##### THE DATA

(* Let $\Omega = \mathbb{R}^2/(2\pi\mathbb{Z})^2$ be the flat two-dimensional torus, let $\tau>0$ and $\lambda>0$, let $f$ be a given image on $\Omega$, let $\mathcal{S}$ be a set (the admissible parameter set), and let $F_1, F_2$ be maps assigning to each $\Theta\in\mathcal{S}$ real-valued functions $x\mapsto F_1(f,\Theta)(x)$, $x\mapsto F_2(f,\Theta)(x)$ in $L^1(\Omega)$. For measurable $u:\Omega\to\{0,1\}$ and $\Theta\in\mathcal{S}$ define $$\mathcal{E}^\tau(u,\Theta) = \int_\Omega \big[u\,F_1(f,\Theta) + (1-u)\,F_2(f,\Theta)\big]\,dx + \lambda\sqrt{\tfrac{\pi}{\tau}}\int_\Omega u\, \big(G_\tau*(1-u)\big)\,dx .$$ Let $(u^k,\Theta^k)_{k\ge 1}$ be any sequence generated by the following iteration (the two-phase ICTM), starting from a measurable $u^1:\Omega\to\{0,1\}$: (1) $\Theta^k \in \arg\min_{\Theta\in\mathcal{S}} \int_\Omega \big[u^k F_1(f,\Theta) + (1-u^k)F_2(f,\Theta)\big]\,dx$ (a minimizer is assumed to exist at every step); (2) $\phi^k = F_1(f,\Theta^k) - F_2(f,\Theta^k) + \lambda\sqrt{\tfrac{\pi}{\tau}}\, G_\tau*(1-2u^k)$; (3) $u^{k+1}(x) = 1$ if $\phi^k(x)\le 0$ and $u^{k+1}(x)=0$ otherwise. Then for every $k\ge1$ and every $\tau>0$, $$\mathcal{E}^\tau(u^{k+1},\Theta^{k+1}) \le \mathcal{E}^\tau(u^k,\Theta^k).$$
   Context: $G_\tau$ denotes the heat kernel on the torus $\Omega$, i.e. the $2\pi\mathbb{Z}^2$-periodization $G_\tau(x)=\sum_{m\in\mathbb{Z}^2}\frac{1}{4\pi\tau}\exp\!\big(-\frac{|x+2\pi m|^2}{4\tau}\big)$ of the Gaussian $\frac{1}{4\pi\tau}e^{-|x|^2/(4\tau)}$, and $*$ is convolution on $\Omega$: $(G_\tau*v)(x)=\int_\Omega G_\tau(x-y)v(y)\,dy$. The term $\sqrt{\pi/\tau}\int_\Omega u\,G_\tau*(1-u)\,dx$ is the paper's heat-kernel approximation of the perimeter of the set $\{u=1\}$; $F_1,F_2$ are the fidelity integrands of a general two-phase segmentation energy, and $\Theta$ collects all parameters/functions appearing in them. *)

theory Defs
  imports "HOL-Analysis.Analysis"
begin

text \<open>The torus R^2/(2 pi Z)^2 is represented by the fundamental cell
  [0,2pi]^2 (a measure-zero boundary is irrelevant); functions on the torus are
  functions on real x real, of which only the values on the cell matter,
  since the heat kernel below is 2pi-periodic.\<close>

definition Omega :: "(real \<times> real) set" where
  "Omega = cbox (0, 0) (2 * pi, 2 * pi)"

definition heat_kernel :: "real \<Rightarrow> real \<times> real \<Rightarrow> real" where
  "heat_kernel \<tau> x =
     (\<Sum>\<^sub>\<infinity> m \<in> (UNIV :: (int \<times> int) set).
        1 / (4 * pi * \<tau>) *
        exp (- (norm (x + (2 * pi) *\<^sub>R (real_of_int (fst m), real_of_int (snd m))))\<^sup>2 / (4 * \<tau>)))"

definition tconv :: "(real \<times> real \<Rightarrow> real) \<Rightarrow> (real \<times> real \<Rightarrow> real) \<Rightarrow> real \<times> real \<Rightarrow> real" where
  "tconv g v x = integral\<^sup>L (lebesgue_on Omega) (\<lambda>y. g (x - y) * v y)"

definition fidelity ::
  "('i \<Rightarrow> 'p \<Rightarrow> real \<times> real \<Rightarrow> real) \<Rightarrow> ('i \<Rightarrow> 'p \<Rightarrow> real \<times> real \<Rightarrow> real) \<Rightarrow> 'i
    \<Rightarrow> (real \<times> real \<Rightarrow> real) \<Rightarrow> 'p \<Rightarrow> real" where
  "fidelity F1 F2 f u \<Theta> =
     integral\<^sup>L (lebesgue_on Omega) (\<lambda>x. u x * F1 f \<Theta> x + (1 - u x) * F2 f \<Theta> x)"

##########
##### THE DATA

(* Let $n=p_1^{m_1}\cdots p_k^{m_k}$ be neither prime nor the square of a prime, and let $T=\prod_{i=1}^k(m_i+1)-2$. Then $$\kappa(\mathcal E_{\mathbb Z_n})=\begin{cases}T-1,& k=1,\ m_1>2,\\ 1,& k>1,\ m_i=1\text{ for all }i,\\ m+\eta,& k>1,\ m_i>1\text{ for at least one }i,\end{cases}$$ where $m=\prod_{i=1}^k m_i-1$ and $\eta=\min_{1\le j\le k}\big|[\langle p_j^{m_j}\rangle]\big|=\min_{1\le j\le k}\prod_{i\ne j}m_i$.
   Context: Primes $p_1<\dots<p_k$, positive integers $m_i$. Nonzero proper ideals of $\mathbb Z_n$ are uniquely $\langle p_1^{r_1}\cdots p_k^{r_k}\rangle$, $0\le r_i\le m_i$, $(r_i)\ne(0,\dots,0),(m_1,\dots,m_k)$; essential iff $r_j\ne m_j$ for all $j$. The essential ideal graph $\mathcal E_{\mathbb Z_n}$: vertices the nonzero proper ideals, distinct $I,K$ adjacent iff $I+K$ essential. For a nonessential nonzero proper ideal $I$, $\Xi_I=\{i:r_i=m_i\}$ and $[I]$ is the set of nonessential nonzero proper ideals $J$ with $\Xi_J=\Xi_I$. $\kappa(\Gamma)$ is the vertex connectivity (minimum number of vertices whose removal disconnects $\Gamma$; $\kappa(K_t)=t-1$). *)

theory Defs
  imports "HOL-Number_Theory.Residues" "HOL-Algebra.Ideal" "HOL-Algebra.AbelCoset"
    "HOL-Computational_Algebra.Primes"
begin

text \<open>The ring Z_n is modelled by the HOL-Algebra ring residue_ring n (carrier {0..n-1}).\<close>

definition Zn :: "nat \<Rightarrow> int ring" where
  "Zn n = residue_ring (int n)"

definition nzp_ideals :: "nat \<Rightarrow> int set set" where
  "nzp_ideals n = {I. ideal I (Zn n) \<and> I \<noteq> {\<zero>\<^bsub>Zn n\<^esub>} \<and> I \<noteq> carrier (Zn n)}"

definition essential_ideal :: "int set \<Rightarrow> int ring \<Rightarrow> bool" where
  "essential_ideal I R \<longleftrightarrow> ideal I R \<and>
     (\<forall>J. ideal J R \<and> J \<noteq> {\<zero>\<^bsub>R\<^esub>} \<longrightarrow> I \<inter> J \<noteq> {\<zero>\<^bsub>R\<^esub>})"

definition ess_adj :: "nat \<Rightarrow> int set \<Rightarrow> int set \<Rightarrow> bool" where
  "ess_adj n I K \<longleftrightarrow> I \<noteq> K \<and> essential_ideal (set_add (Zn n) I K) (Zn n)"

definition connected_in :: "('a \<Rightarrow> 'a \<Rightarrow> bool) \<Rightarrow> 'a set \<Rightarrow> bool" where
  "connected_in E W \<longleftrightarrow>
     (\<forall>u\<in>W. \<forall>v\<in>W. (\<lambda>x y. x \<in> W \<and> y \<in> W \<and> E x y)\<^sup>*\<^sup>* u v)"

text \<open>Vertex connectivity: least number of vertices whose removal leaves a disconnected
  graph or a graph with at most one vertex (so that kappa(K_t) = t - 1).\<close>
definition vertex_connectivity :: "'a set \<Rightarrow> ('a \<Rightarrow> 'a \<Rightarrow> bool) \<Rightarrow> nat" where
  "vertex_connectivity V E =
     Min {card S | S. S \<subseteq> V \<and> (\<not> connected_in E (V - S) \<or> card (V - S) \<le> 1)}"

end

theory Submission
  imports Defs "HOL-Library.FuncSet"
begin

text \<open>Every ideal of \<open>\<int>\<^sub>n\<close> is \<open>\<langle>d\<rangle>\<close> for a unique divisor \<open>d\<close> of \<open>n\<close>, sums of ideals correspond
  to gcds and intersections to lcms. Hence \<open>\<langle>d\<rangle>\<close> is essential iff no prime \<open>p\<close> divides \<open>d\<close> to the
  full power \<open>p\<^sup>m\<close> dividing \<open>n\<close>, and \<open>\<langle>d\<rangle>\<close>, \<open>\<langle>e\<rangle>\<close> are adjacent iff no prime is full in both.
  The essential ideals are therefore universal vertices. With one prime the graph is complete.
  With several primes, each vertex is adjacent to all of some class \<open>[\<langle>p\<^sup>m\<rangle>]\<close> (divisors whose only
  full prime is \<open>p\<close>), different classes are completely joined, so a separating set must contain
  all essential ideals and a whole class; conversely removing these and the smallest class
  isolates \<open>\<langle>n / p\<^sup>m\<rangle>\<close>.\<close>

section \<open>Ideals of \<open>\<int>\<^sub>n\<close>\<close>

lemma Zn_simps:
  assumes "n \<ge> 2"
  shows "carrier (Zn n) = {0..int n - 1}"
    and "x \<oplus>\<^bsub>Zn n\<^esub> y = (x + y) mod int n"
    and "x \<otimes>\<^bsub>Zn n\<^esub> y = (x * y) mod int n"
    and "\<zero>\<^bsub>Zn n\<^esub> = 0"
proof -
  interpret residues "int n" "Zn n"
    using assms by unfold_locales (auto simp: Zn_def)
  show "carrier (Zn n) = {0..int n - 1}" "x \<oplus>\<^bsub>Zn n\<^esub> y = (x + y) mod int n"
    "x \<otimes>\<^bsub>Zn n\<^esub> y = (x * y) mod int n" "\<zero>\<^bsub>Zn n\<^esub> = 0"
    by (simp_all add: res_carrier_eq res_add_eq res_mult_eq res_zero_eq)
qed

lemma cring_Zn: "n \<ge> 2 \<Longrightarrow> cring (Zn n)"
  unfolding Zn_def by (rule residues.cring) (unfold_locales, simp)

##########
##### THE DATA

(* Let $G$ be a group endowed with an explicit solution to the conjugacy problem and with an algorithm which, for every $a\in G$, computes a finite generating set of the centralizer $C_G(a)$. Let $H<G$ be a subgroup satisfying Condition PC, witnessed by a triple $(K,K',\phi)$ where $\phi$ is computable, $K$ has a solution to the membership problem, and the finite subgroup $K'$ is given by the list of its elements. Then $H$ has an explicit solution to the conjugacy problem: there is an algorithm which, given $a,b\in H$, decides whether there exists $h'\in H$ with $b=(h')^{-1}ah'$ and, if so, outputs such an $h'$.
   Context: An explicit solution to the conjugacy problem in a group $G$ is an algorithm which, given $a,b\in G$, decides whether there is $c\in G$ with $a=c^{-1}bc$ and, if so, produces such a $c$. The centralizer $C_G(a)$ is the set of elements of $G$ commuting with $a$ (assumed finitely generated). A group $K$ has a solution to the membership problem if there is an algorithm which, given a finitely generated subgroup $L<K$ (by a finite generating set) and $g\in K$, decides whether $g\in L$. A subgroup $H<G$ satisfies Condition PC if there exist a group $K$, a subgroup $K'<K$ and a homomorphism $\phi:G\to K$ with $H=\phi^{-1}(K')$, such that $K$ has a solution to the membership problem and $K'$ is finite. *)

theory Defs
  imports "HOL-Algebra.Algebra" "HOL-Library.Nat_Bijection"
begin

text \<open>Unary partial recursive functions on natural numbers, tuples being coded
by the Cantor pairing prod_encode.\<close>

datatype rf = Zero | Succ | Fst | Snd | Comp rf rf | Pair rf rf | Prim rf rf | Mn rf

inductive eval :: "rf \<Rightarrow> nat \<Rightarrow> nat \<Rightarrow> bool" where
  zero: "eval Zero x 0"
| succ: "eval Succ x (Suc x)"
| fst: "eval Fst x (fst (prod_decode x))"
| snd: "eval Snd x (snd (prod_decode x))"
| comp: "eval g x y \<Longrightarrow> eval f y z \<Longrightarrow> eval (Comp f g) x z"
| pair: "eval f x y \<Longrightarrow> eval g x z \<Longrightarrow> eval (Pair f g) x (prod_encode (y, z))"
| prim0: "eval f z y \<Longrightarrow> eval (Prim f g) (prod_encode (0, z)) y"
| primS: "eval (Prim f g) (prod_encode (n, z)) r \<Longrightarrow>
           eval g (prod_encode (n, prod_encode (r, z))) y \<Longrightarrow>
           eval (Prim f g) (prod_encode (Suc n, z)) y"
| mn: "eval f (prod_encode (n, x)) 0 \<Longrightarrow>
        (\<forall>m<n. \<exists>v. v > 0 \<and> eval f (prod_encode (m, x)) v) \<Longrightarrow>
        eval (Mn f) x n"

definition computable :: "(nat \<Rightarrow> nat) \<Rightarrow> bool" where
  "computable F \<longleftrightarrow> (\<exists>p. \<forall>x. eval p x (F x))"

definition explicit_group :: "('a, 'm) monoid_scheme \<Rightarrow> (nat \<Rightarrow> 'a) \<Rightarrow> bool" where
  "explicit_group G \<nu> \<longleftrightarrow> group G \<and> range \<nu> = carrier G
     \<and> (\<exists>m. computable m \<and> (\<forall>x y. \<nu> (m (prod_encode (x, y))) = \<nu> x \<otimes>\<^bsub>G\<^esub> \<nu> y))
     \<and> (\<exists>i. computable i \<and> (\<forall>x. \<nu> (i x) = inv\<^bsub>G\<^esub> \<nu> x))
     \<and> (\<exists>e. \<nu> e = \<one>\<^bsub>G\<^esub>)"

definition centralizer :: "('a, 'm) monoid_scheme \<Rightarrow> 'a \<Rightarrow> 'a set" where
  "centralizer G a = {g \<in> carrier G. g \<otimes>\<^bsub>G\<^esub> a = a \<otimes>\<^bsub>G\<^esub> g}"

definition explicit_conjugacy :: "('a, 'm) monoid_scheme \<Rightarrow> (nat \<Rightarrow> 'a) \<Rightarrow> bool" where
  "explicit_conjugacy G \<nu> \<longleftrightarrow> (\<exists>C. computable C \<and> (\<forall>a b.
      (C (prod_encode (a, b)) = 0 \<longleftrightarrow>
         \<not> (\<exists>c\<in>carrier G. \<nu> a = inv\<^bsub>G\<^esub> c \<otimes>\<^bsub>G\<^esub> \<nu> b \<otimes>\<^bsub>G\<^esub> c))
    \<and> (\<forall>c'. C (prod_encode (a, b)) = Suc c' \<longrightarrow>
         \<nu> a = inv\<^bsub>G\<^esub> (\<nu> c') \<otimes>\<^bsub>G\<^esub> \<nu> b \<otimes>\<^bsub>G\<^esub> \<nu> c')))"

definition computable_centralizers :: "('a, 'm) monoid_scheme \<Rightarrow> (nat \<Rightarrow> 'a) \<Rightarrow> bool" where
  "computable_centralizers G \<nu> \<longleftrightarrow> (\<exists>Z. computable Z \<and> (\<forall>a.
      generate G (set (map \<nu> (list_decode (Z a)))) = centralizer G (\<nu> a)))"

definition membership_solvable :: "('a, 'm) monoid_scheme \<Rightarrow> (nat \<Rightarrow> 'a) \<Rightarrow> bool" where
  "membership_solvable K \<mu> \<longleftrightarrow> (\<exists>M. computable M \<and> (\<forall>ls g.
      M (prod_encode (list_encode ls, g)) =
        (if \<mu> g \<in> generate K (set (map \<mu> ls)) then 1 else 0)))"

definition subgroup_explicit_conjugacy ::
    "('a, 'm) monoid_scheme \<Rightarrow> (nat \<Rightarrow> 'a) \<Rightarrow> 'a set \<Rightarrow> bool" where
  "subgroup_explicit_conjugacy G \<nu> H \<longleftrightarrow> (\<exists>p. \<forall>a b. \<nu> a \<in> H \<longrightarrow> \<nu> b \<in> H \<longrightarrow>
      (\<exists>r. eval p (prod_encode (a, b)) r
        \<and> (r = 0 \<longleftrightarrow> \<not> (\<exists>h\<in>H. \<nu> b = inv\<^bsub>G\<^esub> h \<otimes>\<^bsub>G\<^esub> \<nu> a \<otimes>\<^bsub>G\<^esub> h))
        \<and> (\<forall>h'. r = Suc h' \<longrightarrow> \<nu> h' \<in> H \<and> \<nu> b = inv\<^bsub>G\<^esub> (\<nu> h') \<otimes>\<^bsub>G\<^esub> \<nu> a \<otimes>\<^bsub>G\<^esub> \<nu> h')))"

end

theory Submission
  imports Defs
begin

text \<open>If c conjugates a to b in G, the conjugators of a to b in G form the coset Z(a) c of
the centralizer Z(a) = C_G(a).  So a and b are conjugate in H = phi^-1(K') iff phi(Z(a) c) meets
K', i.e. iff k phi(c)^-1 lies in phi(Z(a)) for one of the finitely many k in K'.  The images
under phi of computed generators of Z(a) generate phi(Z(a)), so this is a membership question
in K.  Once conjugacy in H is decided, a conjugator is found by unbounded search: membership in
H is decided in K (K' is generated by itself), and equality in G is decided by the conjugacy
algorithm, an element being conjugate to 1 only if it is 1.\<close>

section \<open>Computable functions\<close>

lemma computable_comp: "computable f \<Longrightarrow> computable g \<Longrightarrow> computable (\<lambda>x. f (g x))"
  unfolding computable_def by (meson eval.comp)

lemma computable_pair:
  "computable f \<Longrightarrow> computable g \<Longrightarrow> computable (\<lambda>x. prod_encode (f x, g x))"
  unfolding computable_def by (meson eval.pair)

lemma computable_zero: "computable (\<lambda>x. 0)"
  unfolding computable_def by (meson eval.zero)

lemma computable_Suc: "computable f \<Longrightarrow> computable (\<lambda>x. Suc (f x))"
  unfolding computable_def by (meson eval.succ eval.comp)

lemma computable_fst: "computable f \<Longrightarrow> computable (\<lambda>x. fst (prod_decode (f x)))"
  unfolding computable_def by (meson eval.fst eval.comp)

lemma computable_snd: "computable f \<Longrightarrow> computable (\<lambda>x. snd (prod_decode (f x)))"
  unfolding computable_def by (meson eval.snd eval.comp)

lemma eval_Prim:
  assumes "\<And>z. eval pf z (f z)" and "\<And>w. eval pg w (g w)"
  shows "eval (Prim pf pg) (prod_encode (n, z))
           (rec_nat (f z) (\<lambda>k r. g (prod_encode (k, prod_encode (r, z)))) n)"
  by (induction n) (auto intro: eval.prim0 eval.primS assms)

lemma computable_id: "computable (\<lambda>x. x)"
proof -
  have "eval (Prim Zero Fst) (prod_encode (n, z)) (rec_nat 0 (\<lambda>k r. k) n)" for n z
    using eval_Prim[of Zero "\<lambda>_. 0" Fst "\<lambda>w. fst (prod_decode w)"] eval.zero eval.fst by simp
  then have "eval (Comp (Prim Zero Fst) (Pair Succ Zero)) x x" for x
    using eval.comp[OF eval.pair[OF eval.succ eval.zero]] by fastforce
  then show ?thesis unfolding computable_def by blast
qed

##########

• TO DO:
From the records above, copy only the lines starting with the line that holds "z)) r \<Longrightarrow>" and going on through the line that holds "eval (Mn f)", exactly as written.

• WRITTEN SOLUTION:
| primS: "eval (Prim f g) (prod_encode (n, z)) r \<Longrightarrow>
           eval g (prod_encode (n, prod_encode (r, z))) y \<Longrightarrow>
           eval (Prim f g) (prod_encode (Suc n, z)) y"
| mn: "eval f (prod_encode (n, x)) 0 \<Longrightarrow>
        (\<forall>m<n. \<exists>v. v > 0 \<and> eval f (prod_encode (m, x)) v) \<Longrightarrow>
        eval (Mn f) x n"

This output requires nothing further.